It's a long road to becoming a published author. Will that long cherished dream finally be mine? We'll have to wait and see!
The pages are still blank, but there is a miraculous feeling of the words being there, written in invisible ink and clamoring to become visible - Vladimir Nabokov
There is no agony like bearing an untold story inside you - Zora Neale Hurston
16 October 2014
Zombification of America
Ok, I'm heading off from Aspiring Author Land here and heading into 'manifesto' territory, but I hope that doesn't forever label me as radical, eccentric, rabble-rouser...what have you. The fact is work and motherhood have temporarily curtailed by authoring time but given me far too much contemplative time (usually while pushing a toddler on a swing for hours on end) to worry about my son's future, the future of his parent's nation and the future of the world in general. And, of course, to contemplate zombies.
I have the benefit of distance, having lived in Australia now for 17 years, to see America as an outsider. Why I still love the motherland to the core of my being, from deserts and fir forests to new England autumn, from the Revolutionary War to the Second World War, I am scared of the direction she's headed. I am a tree hugger yet love to shoot a 9 mm at tin cans. I have family that range from Obama campaigners to Obama-care haters. And I love every one of them, so I listen. I consider myself capable of emotion, logic, and foresight, but all I see is disaster.
When did we start valuing possessions above helping neighbors or creating music for music's sake rather than for profit? When did war ever become an acceptable status quo? Why on earth did we think torture was OK as long as it was on foreign soil - even as the Declaration of Independence quotes 'unalienable rights'?
And then there's the Facebook updates showing my sister's zombie walk costume and how cool the grim reaper is, while my brother on the phone won't tell me his new girlfriend's name until pestered but happily launches into an excited update on the latest Ebola news and death count.

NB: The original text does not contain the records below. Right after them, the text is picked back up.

(* Let $A$ be an $F_n$-good $n\times n$ matrix and suppose $A_{i,j}=1$. If $i'\in\{i-1,i+1\}$ with $1\leq i'\leq n$ and $A_{i',k}=1$ for some column $k$, then $k\in\{j-1,j+1\}$.
   Context: $F_n$ is the set of vectors $\vec{x}=(x_1,\ldots,x_n)\in\mathbb{Z}_2^n$ with no $i$ such that $x_i=x_{i+1}=1$. An $n\times n$ matrix $A$ over $\mathbb{Z}_2$ is $F_n$-good if it is invertible and $A\vec{x}\in F_n$ for all $\vec{x}\in F_n$. $A_{i,j}$ denotes the entry of $A$ in row $i$, column $j$. *)

theory Defs
  imports "HOL-Library.Z2" "Jordan_Normal_Form.Matrix"
begin

text \<open>Vectors over Z_2 (type bit) of length n with no two consecutive ones.
  Indices are 0-based: components 0..n-1 correspond to x_1..x_n.\<close>
definition F :: "nat \<Rightarrow> bit vec set" where
  "F n = {x. x \<in> carrier_vec n \<and> (\<forall>i. i + 1 < n \<longrightarrow> \<not> (x $ i = 1 \<and> x $ (i + 1) = 1))}"

definition F_good :: "nat \<Rightarrow> bit mat \<Rightarrow> bool" where
  "F_good n A \<longleftrightarrow> A \<in> carrier_mat n n \<and> invertible_mat A \<and> (\<forall>x \<in> F n. A *\<^sub>v x \<in> F n)"

end

theory Submission
  imports Defs
begin

text \<open>An F_n-preserving matrix maps the indicator vector of {j} to column j, so every column
  lies in F_n. If A(i,j) = A(i+1,k) = 1 with k not adjacent to j, the columns j and k therefore
  vanish in rows i+1 and i respectively, and the indicator vector of {j, k}, which lies in F_n, is
  mapped to a vector with ones in the adjacent positions i and i+1.\<close>

definition indicator_vec :: "nat \<Rightarrow> nat set \<Rightarrow> bit vec" where
  "indicator_vec n S = vec n (\<lambda>l. if l \<in> S then 1 else 0)"

lemma index_mult_mat_vec_indicator_vec:
  fixes A :: "bit mat"
  assumes "A \<in> carrier_mat m n" "S \<subseteq> {0..<n}" "r < m"
  shows "(A *\<^sub>v indicator_vec n S) $ r = (\<Sum>l\<in>S. A $$ (r, l))"
proof -
  have "(A *\<^sub>v indicator_vec n S) $ r = (\<Sum>l<n. A $$ (r, l) * (if l \<in> S then 1 else 0))"
    using assms by (auto simp: indicator_vec_def scalar_prod_def lessThan_atLeast0 intro!: sum.cong)
  also have "\<dots> = (\<Sum>l<n. if l \<in> S then A $$ (r, l) else 0)"
    by (rule sum.cong) simp_all
  also have "\<dots> = (\<Sum>l\<in>{..<n} \<inter> S. A $$ (r, l))"
    by (simp add: sum.inter_restrict)
  also have "{..<n} \<inter> S = S"
    using assms(2) by auto
  finally show ?thesis .
qed

lemma indicator_vec_in_F:
  assumes "S \<subseteq> {0..<n}" "\<And>a. a \<in> S \<Longrightarrow> a + 1 \<notin> S"
  shows "indicator_vec n S \<in> F n"
  using assms unfolding F_def indicator_vec_def by auto

lemma F_no_adjacent_ones:
  assumes "y \<in> F n" "i + 1 < n"
  shows "\<not> (y $ i = 1 \<and> y $ (i + 1) = 1)"
  using assms unfolding F_def by blast

lemma col_in_F_if_preserves_F:
  fixes A :: "bit mat"
  assumes A: "A \<in> carrier_mat n n" and preserves: "\<forall>x \<in> F n. A *\<^sub>v x \<in> F n" and "j < n"
  shows "col A j \<in> F n"
proof -
  have "A *\<^sub>v indicator_vec n {j} \<in> F n"
    using preserves indicator_vec_in_F[of "{j}" n] \<open>j < n\<close> by auto
  moreover have "A *\<^sub>v indicator_vec n {j} = col A j"
  proof (rule eq_vecI)
    show "(A *\<^sub>v indicator_vec n {j}) $ r = col A j $ r" if "r < dim_vec (col A j)" for r
      using index_mult_mat_vec_indicator_vec[OF A, of "{j}" r] A \<open>j < n\<close> that by simp
  qed (use A in simp)
  ultimately show ?thesis by simp
qed

lemma preserves_F_adjacent_rows:
  fixes A :: "bit mat"
  assumes A: "A \<in> carrier_mat n n" and preserves: "\<forall>x \<in> F n. A *\<^sub>v x \<in> F n"
    and "i + 1 < n" "j < n" "k < n" "A $$ (i, j) = 1" "A $$ (i + 1, k) = 1"
  shows "k + 1 = j \<or> k = j + 1"
proof (rule ccontr)
  assume not_adjacent: "\<not> (k + 1 = j \<or> k = j + 1)"
  have col_j: "col A j \<in> F n" and col_k: "col A k \<in> F n"
    using col_in_F_if_preserves_F[OF A preserves] assms(4,5) by auto
  have "A $$ (i + 1, j) \<noteq> 1"
    using F_no_adjacent_ones[OF col_j, of i] assms(3,4,6) A by auto
  then have "j \<noteq> k" and below_j: "A $$ (i + 1, j) = 0"
    using assms(7) bit_not_one_iff by auto
  have "A $$ (i, k) \<noteq> 1"
    using F_no_adjacent_ones[OF col_k, of i] assms(3,5,7) A by auto
  then have right_of_i: "A $$ (i, k) = 0"
    using bit_not_one_iff by auto
  let ?y = "A *\<^sub>v indicator_vec n {j, k}"
  have "indicator_vec n {j, k} \<in> F n"
    using assms(4,5) not_adjacent by (intro indicator_vec_in_F) auto
  then have "?y \<in> F n"
    using preserves by blast
  moreover have "?y $ r = A $$ (r, j) + A $$ (r, k)" if "r < n" for r
    using index_mult_mat_vec_indicator_vec[OF A, of "{j, k}"] that assms(4,5) \<open>j \<noteq> k\<close> by simp
  then have "?y $ i = 1" and "?y $ (i + 1) = 1"
    using assms(3,6,7) below_j right_of_i by auto
  ultimately show False
    using F_no_adjacent_ones assms(3) by blast
qed

theorem lemma1:
  fixes A :: "bit mat" and n i j i' k :: nat
  assumes "F_good n A"
    and "i < n" and "j < n" and "A $$ (i, j) = 1"
    and "i' + 1 = i \<or> i' = i + 1" and "i' < n"
    and "k < n" and "A $$ (i', k) = 1"
  shows "k + 1 = j \<or> k = j + 1"
proof -
  have A: "A \<in> carrier_mat n n" and preserves: "\<forall>x \<in> F n. A *\<^sub>v x \<in> F n"
    using assms(1) unfolding F_good_def by auto
  from assms(5) show ?thesis
  proof
    assume "i' + 1 = i"
    then show ?thesis
      using preserves_F_adjacent_rows[OF A preserves, of i' k j] assms by auto
  next
    assume "i' = i + 1"
    then show ?thesis
      using preserves_F_adjacent_rows[OF A preserves, of i j k] assms by auto
  qed
qed

end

Sometimes I feel that America vanished sometime in 2001. And maybe it did. The Twin Towers changed things, and now the changes have had a generation to set in. No one thinks it's weird that billionaires with conflicts of interest (i.e. corporate and oil interests) can run for president and claim to represent the everyday person. No one thinks it's wrong to send technology and manufacturing capability overseas so corporations get richer while Americans lose their jobs and homes and can't afford healthcare so Doctors Without Borders is forced to come in and treat people, saying that while the illnesses are different, the amount of people in desperate need of aid is no different from what they've seen in Africa. When did it become OK for billionaires to 'trickle down' their scraps to the people while saying "Just buy a lottery ticket and you can be just like us...so don't cut off my head."
Well, I think it's OK because zombification has set in. People are dead already, no dreams for the future or hopes to better themselves and the world. Their soul and passion has been killed by mass marketing, biased media, and the latest celebrity gossip, gore-dripping drama, or reality TV that fulfills the role of Rome's gladiatorial games to pacify the masses. America is dead and loving it. Shambling around like mindless zombies...
Or am I being too critical of my sister's zombie walks and the plethora of child zombie costumes for sale this Halloween? Are zombies not a symbol of the death of society but, instead, a subtle rebellion?
Brain-munching zombies in unstoppable hordes can represent the apocalypse, or they can represent the end product of all the political corruption and corporate greed at work in America. Are these zombie mobs saying "look what you've created - and now we're coming to tear down your society and eat your flesh!" Are they in fact the equivalent of the French revolutionary, the down-trodden peasant whose reply to "Let them eat cake!" is "How about I take your head instead"?
I've been writing all my life (even won a trophy in first grade) but it got shoved to the back of the closet (writing as a priority as well as my trophy) because I was too "levelheaded" for that nonsense. Now, twenty years later, I've learned a flat head isn't all it's cracked up to be. Writing is the one thing I felt I had to do, and I always told myself I'd write a book someday. Well, it IS someday.